1 1-chip microcomputer, 2 sound source register, 3 MID
I input section, 4 panel display, 5 panel operator, 11
32ch time division OSC, 12 32ch time division EG,
13 multiplier, 14 combining unit, 15 adder, 168
Stage delay unit, 178 stage register, 18 selection unit, 1
9 8-stage FIFO, 20 DSP, 21 external input unit, 2
2L, 22R DAC, 23L, 23R sound system

Claims (3)

[Claims] 1. A first addition input to which waveform data of a plurality of time-division channels arranged so as to substantially divide one sampling period are sequentially inputted, and a second addition input to which an output of a selection means is inputted. And delay means for delaying the addition output from the addition means by a time corresponding to the one-time-division channel; and delay output from the delay means and external input data. Selecting means for selecting any one of them and inputting the selected signal to the second addition input of the adding means, wherein the waveform data of the first time division channel, which is the first time division channel in one sampling cycle, At the timing of input to the addition input, the selection means selects the external input data,
The adding means performs addition of the external input data and the waveform data of the first time division channel, and at the timing when the waveform data of the second time division channel is input to the first addition input of the addition means, The selection means selects the delay output output from the delay means until one sampling period is completed and inputs the delay output to the second addition input of the addition means, so that the external input data and the waveform data of all time division channels are A channel accumulator for a sound source that performs a time-division channel operation, wherein the channel accumulation is performed. 2. One sampling period is arranged so as to be substantially equally divided, and at the same time, n (n = n
A first addition input in which waveform data of a plurality of time-division channels composed of waveform data of 1, 2, 3, 4,... Addition means having two addition inputs; n-stage delay means for delaying the addition output from the addition means by a time corresponding to the one time division channel; and time division output from the n-stage delay means. Selecting means for selecting either one of the selected delayed output composed of n systems and the time-divided external input data composed of n systems and inputting the selected data to the second addition input of the adding means. The selecting means selects the external input data at the timing when the waveform data of the first time-sharing channel, which is the first time-sharing channel in the above, is input to the first addition input of the adding means.

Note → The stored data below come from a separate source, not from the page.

lemma zero_count_resample_diff:
  assumes "x \<in> V" and "\<eta>' \<in> resamplings (nbhd V E x) \<eta>"
  shows "zero_count \<eta>' - zero_count \<eta> = (\<Sum>y\<in>nbhd V E x. of_bool (\<not> \<eta>' y) - of_bool (\<not> \<eta> y))"
proof -
  have split: "zero_count \<zeta> = (\<Sum>y\<in>nbhd V E x. of_bool (\<not> \<zeta> y)) + (\<Sum>y\<in>V - nbhd V E x. of_bool (\<not> \<zeta> y))"
    for \<zeta>
    unfolding zero_count_def using sum.subset_diff[OF nbhd_subset[OF assms(1)] finite_V]
    by (simp add: add.commute)
  have "(\<Sum>y\<in>V - nbhd V E x. of_bool (\<not> \<eta>' y)) = (\<Sum>y\<in>V - nbhd V E x. of_bool (\<not> \<eta> y) :: real)"
    using assms(2) by (intro sum.cong) (auto simp: resamplings_def)
  then show ?thesis unfolding split by (simp add: sum_subtractf)
qed

lemma zero_count_resample_diff_abs:
  assumes "x \<in> V" and "\<eta>' \<in> resamplings (nbhd V E x) \<eta>"
  shows "\<bar>zero_count \<eta>' - zero_count \<eta>\<bar> \<le> real d + 1"
proof -
  have "\<bar>zero_count \<eta>' - zero_count \<eta>\<bar> \<le> (\<Sum>y\<in>nbhd V E x. \<bar>of_bool (\<not> \<eta>' y) - of_bool (\<not> \<eta> y)\<bar>)"
    unfolding zero_count_resample_diff[OF assms] by (rule sum_abs)
  also have "\<dots> \<le> (\<Sum>y\<in>nbhd V E x. 1)" by (intro sum_mono) auto
  also have "\<dots> \<le> real d + 1" using card_nbhd_le[OF assms(1)] by simp
  finally show ?thesis .
qed

definition zero_edges_near :: "(nat \<Rightarrow> bool) \<Rightarrow> nat \<Rightarrow> real" where
  "zero_edges_near \<eta> x =
     (\<Sum>u\<in>V. \<Sum>v\<in>V. of_bool (E u v \<and> \<not> \<eta> u \<and> \<not> \<eta> v \<and> (u \<in> nbhd V E x \<or> v \<in> nbhd V E x)))"

lemma zero_edges_resample_diff_ge:
  assumes "x \<in> V" and \<eta>': "\<eta>' \<in> resamplings (nbhd V E x) \<eta>"
  shows "(\<Sum>v\<in>V. of_bool (E x v \<and> \<not> \<eta>' x \<and> \<not> \<eta>' v)) - zero_edges_near \<eta> x
           \<le> zero_edges \<eta>' - zero_edges \<eta>"
proof -
  let ?near = "\<lambda>u v. u \<in> nbhd V E x \<or> v \<in> nbhd V E x"
  have "(\<Sum>v\<in>V. of_bool (E x v \<and> \<not> \<eta>' x \<and> \<not> \<eta>' v)) - zero_edges_near \<eta> x
      = (\<Sum>u\<in>V. \<Sum>v\<in>V. (if u = x then of_bool (E x v \<and> \<not> \<eta>' x \<and> \<not> \<eta>' v) else 0)
          - of_bool (E u v \<and> \<not> \<eta> u \<and> \<not> \<eta> v \<and> ?near u v))"
  proof -
    have "(\<Sum>u\<in>V. \<Sum>v\<in>V. (if u = x then of_bool (E x v \<and> \<not> \<eta>' x \<and> \<not> \<eta>' v) else 0))
        = (\<Sum>v\<in>V. of_bool (E x v \<and> \<not> \<eta>' x \<and> \<not> \<eta>' v) :: real)"
      by (subst sum.swap) (simp add: sum.delta finite_V assms(1))
    then show ?thesis unfolding zero_edges_near_def sum_subtractf by simp
  qed
  also have "\<dots> \<le> (\<Sum>u\<in>V. \<Sum>v\<in>V. of_bool (E u v \<and> \<not> \<eta>' u \<and> \<not> \<eta>' v) - of_bool (E u v \<and> \<not> \<eta> u \<and> \<not> \<eta> v))"
  proof (intro sum_mono)
    fix u v
    show "(if u = x then of_bool (E x v \<and> \<not> \<eta>' x \<and> \<not> \<eta>' v) else 0)
          - of_bool (E u v \<and> \<not> \<eta> u \<and> \<not> \<eta> v \<and> ?near u v)
        \<le> of_bool (E u v \<and> \<not> \<eta>' u \<and> \<not> \<eta>' v) - (of_bool (E u v \<and> \<not> \<eta> u \<and> \<not> \<eta> v) :: real)"
    proof (cases "?near u v")
      case False
      then have "\<eta>' u = \<eta> u" "\<eta>' v = \<eta> v" "u \<noteq> x"
        using \<eta>' self_in_nbhd[of x] by (auto simp: resamplings_def)
      then show ?thesis using False by auto
    qed auto
  qed
  also have "\<dots> = zero_edges \<eta>' - zero_edges \<eta>" unfolding zero_edges_def by (simp add: sum_subtractf)
  finally show ?thesis .
qed

lemma zero_edges_resample_diff_abs:
  assumes "x \<in> V" and \<eta>': "\<eta>' \<in> resamplings (nbhd V E x) \<eta>"
  shows "\<bar>zero_edges \<eta>' - zero_edges \<eta>\<bar> \<le> 2 * real d * (real d + 1)"
proof -
  let ?near = "\<lambda>u v. u \<in> nbhd V E x \<or> v \<in> nbhd V E x"
  have "\<bar>zero_edges \<eta>' - zero_edges \<eta>\<bar>
      \<le> (\<Sum>u\<in>V. \<Sum>v\<in>V. \<bar>of_bool (E u v \<and> \<not> \<eta>' u \<and> \<not> \<eta>' v) - of_bool (E u v \<and> \<not> \<eta> u \<and> \<not> \<eta> v)\<bar>)"
    unfolding zero_edges_def sum_subtractf[symmetric]
    by (rule order_trans[OF sum_abs sum_mono[OF sum_abs]])
  also have "\<dots> \<le> (\<Sum>u\<in>V. \<Sum>v\<in>V. of_bool (E u v \<and> ?near u v))"
  proof (intro sum_mono)
    fix u v
    show "\<bar>of_bool (E u v \<and> \<not> \<eta>' u \<and> \<not> \<eta>' v) - of_bool (E u v \<and> \<not> \<eta> u \<and> \<not> \<eta> v)\<bar>
        \<le> (of_bool (E u v \<and> ?near u v) :: real)"
    proof (cases "?near u v")
      case False
      then have "\<eta>' u = \<eta> u" "\<eta>' v = \<eta> v" using \<eta>' by (auto simp: resamplings_def)
      then show ?thesis by auto
    qed auto
  qed
  also have "\<dots> \<le> 2 * real d * (\<Sum>u\<in>V. of_bool (u \<in> nbhd V E x))"
    by (rule sum_edges_touching_le)
  also have "\<dots> \<le> 2 * real d * (real d + 1)"
    using sum_of_bool_mem_nbhd_le[OF assms(1)] by (intro mult_left_mono) auto
  finally show ?thesis .
qed

lemma potential_resample_diff_abs:
  assumes "x \<in> V" and "\<eta>' \<in> resamplings (nbhd V E x) \<eta>"
  shows "\<bar>potential \<eta>' - potential \<eta>\<bar> \<le> 2 * (real d + 1)"
proof -
  have "potential \<eta>' - potential \<eta>
      = (zero_count \<eta>' - zero_count \<eta>) - edge_weight * (zero_edges \<eta>' - zero_edges \<eta>)"
    unfolding potential_def by (simp add: algebra_simps)
  then have triangle: "\<bar>potential \<eta>' - potential \<eta>\<bar>
      \<le> \<bar>zero_count \<eta>' - zero_count \<eta>\<bar> + edge_weight * \<bar>zero_edges \<eta>' - zero_edges \<eta>\<bar>"
    using abs_triangle_ineq4[of "zero_count \<eta>' - zero_count \<eta>" "edge_weight * (zero_edges \<eta>' - zero_edges \<eta>)"]
      edge_weight_pos by (simp add: abs_mult)
  have "edge_weight * \<bar>zero_edges \<eta>' - zero_edges \<eta>\<bar> \<le> edge_weight * (2 * real d * (real d + 1))"
    using zero_edges_resample_diff_abs[OF assms] edge_weight_pos by (intro mult_left_mono) auto
  also have "\<dots> = (real d + 1) / 4"
    using edge_weight_mult_degree by (simp add: algebra_simps)
  finally show ?thesis
    using triangle zero_count_resample_diff_abs[OF assms] by (simp add: field_simps)
qed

By Rukoto,
A timing at which the external input data and the waveform data of the first time-division channel are added for each system in the adding means, and a timing at which the waveform data of the second time-division channel is input to the first addition input of the adding means; Wherein said selecting means selects a delay output output from said n-stage delay means until one sampling period ends and inputs it to a second addition input of said adding means, whereby said external input data and all time division A channel accumulator for a sound source performing a time-division channel operation, wherein channel accumulation for each channel with channel waveform data is performed. 3. A multiplier which takes in waveform data for one time-division channel stored in the delay means or the n-stage delay means at a timing when one sampling period is completed, and performs mixing and effect processing on the waveform data. The multiplier further comprises: at the timing when the multiplier is empty, the multiplier multiplies the external input data by a level control signal, and the level-controlled external input output from the multiplier. 3. A channel accumulator for a sound source performing a time-division channel operation according to claim 1, wherein data is input to said selecting means via a first-in first-out means.